[[ DATASET CONTENT, beginning ]]

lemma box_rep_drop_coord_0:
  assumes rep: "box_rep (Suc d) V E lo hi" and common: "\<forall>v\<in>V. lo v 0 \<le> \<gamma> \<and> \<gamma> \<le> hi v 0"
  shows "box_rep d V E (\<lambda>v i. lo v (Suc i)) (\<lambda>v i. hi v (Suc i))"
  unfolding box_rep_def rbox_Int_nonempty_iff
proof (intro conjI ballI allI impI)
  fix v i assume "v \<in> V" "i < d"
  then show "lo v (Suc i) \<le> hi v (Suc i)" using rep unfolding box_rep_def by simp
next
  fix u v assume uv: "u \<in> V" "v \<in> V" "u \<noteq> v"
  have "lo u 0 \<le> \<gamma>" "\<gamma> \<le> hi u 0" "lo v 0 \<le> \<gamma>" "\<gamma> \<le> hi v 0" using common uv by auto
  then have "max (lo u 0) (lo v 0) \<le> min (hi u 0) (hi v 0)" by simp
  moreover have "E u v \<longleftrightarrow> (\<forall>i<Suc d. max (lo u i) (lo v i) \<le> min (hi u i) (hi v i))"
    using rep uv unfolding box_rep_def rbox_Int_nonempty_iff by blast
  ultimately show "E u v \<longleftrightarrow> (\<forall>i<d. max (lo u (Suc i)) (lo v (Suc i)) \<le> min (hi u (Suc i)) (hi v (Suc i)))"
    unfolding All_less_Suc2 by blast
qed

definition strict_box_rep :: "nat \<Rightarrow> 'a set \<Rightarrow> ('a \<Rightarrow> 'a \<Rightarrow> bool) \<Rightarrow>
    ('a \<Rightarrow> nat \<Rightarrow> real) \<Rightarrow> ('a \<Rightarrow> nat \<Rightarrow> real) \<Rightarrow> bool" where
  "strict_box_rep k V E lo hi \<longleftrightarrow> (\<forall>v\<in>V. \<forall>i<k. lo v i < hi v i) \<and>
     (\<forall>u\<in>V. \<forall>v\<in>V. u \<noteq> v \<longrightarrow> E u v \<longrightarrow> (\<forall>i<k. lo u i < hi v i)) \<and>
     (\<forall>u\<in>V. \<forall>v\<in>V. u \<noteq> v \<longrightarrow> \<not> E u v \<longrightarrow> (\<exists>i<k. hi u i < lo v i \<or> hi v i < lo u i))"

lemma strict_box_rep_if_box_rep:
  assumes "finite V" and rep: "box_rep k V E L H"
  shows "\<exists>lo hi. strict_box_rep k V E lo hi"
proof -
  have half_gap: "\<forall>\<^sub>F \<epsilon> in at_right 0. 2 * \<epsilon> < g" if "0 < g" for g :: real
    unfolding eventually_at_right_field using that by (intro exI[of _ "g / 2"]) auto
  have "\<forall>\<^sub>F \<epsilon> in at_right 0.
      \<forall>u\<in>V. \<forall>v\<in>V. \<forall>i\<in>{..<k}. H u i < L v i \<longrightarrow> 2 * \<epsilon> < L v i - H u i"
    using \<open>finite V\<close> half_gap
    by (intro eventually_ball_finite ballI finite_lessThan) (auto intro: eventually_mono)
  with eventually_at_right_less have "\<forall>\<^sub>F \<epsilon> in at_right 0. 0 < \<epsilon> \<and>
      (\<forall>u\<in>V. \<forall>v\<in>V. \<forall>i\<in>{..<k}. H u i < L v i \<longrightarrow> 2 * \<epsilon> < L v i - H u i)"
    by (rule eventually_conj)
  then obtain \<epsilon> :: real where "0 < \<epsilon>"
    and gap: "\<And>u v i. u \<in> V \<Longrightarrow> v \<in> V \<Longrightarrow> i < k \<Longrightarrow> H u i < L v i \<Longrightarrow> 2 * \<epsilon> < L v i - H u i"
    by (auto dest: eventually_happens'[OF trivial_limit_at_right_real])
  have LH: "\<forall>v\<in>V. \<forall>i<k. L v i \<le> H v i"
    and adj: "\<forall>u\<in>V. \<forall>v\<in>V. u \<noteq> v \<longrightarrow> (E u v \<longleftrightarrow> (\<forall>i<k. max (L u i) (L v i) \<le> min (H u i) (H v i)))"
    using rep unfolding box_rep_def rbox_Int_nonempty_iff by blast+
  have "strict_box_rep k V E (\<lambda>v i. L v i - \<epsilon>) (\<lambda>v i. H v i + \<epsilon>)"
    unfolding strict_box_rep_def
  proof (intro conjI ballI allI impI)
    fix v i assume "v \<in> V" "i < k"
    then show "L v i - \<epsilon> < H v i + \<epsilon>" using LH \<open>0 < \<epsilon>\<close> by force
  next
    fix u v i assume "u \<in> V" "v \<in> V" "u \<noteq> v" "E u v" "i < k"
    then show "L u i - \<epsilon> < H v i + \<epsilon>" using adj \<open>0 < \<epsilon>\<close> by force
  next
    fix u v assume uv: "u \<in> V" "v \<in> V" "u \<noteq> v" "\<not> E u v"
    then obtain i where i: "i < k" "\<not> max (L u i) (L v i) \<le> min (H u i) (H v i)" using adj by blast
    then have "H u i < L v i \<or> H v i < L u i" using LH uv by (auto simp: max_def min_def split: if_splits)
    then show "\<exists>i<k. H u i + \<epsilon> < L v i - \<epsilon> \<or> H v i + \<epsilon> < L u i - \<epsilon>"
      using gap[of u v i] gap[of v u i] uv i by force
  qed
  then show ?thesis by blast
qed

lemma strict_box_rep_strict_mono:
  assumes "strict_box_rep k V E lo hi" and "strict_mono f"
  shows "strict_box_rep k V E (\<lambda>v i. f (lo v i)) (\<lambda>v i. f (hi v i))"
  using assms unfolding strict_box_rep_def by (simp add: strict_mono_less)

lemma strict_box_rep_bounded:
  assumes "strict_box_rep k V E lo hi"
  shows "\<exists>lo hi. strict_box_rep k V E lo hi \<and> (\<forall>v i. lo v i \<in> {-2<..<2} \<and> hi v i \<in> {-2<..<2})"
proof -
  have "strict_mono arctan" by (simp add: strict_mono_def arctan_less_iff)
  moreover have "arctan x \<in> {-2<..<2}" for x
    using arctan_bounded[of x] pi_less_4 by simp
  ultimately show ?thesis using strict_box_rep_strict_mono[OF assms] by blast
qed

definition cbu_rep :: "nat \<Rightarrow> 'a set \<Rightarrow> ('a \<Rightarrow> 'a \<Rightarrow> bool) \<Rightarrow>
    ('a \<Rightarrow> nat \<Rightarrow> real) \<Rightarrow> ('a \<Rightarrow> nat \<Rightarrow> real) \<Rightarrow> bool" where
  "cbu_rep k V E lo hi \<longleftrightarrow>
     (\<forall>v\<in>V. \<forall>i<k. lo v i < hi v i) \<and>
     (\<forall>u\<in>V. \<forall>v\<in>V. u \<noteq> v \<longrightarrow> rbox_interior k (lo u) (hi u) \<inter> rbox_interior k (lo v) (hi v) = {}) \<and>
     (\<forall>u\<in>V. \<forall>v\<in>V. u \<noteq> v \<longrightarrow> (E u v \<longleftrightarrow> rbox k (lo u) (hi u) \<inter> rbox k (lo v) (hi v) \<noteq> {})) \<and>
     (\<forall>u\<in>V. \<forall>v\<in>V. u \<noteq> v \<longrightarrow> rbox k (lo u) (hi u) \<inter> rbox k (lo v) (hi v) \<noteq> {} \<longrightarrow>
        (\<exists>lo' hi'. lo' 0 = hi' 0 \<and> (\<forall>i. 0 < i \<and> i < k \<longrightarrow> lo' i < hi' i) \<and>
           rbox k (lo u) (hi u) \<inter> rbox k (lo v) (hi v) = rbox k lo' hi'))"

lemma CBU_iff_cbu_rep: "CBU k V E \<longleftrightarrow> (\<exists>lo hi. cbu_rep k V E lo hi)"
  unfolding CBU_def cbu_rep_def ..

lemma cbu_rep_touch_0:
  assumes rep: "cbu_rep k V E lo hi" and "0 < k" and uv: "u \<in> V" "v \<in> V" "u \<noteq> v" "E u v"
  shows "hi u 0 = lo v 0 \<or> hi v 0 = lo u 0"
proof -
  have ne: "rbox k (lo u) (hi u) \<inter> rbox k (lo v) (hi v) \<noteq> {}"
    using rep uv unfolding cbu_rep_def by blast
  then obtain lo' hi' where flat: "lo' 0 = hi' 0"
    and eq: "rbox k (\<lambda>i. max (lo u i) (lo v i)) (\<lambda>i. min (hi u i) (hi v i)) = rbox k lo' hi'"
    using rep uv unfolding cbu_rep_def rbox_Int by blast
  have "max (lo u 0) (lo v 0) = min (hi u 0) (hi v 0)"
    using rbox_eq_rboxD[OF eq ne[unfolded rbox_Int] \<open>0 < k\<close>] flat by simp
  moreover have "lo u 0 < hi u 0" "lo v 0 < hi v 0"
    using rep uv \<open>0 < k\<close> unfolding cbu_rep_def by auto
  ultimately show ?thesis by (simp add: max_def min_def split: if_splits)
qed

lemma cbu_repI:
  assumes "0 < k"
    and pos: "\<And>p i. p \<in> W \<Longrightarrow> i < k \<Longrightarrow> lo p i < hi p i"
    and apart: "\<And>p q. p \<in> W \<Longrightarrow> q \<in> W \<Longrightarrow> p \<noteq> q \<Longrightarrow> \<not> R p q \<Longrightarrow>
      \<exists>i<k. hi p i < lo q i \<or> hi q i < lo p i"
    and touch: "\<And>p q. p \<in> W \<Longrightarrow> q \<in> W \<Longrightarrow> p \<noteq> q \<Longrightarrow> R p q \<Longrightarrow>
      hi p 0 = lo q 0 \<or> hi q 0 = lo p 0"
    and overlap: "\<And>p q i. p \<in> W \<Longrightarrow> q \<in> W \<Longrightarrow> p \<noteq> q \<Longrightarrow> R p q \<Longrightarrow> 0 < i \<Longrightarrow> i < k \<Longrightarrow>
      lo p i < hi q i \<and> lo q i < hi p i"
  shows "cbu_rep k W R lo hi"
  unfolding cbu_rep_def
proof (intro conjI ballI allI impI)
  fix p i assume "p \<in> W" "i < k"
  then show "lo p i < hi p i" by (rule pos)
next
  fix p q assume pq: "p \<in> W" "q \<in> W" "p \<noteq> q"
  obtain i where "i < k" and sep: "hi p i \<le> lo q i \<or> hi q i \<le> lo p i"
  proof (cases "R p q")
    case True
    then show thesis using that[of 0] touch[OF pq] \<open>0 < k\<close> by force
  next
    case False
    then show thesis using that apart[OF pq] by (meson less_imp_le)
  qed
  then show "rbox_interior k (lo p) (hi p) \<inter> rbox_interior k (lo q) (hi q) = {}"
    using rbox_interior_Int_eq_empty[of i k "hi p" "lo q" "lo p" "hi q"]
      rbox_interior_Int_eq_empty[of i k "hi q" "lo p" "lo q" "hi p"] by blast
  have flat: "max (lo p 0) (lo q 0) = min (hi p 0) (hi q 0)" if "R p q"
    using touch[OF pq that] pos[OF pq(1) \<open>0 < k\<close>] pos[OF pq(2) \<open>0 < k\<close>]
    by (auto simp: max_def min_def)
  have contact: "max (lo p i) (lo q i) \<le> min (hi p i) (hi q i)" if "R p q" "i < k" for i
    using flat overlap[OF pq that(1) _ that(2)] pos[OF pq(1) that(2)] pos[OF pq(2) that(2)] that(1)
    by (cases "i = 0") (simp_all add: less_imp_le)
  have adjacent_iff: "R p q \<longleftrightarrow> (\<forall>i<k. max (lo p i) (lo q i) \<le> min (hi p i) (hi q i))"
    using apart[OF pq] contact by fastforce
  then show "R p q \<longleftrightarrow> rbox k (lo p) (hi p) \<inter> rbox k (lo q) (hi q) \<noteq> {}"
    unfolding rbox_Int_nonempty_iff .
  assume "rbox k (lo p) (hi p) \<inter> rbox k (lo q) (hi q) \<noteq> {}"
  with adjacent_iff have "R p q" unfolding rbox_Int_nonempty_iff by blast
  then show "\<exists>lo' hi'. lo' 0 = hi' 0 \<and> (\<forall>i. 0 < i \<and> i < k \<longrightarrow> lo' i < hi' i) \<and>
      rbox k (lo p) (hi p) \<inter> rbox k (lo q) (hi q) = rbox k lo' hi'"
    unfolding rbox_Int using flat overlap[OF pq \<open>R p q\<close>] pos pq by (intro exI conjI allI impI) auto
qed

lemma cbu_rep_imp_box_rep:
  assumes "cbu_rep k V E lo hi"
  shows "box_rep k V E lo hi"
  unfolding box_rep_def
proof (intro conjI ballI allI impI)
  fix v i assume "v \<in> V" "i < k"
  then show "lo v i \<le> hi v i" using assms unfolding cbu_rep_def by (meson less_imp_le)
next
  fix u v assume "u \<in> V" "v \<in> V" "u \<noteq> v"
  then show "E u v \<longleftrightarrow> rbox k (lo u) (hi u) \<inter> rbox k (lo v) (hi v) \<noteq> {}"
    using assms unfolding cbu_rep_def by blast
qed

[[ DATASET CONTENT, end ]]

** WORK ITEM **
How many lines in the records hold the string "definition"? Reply with the number alone.

** ANSWER SPACE **
2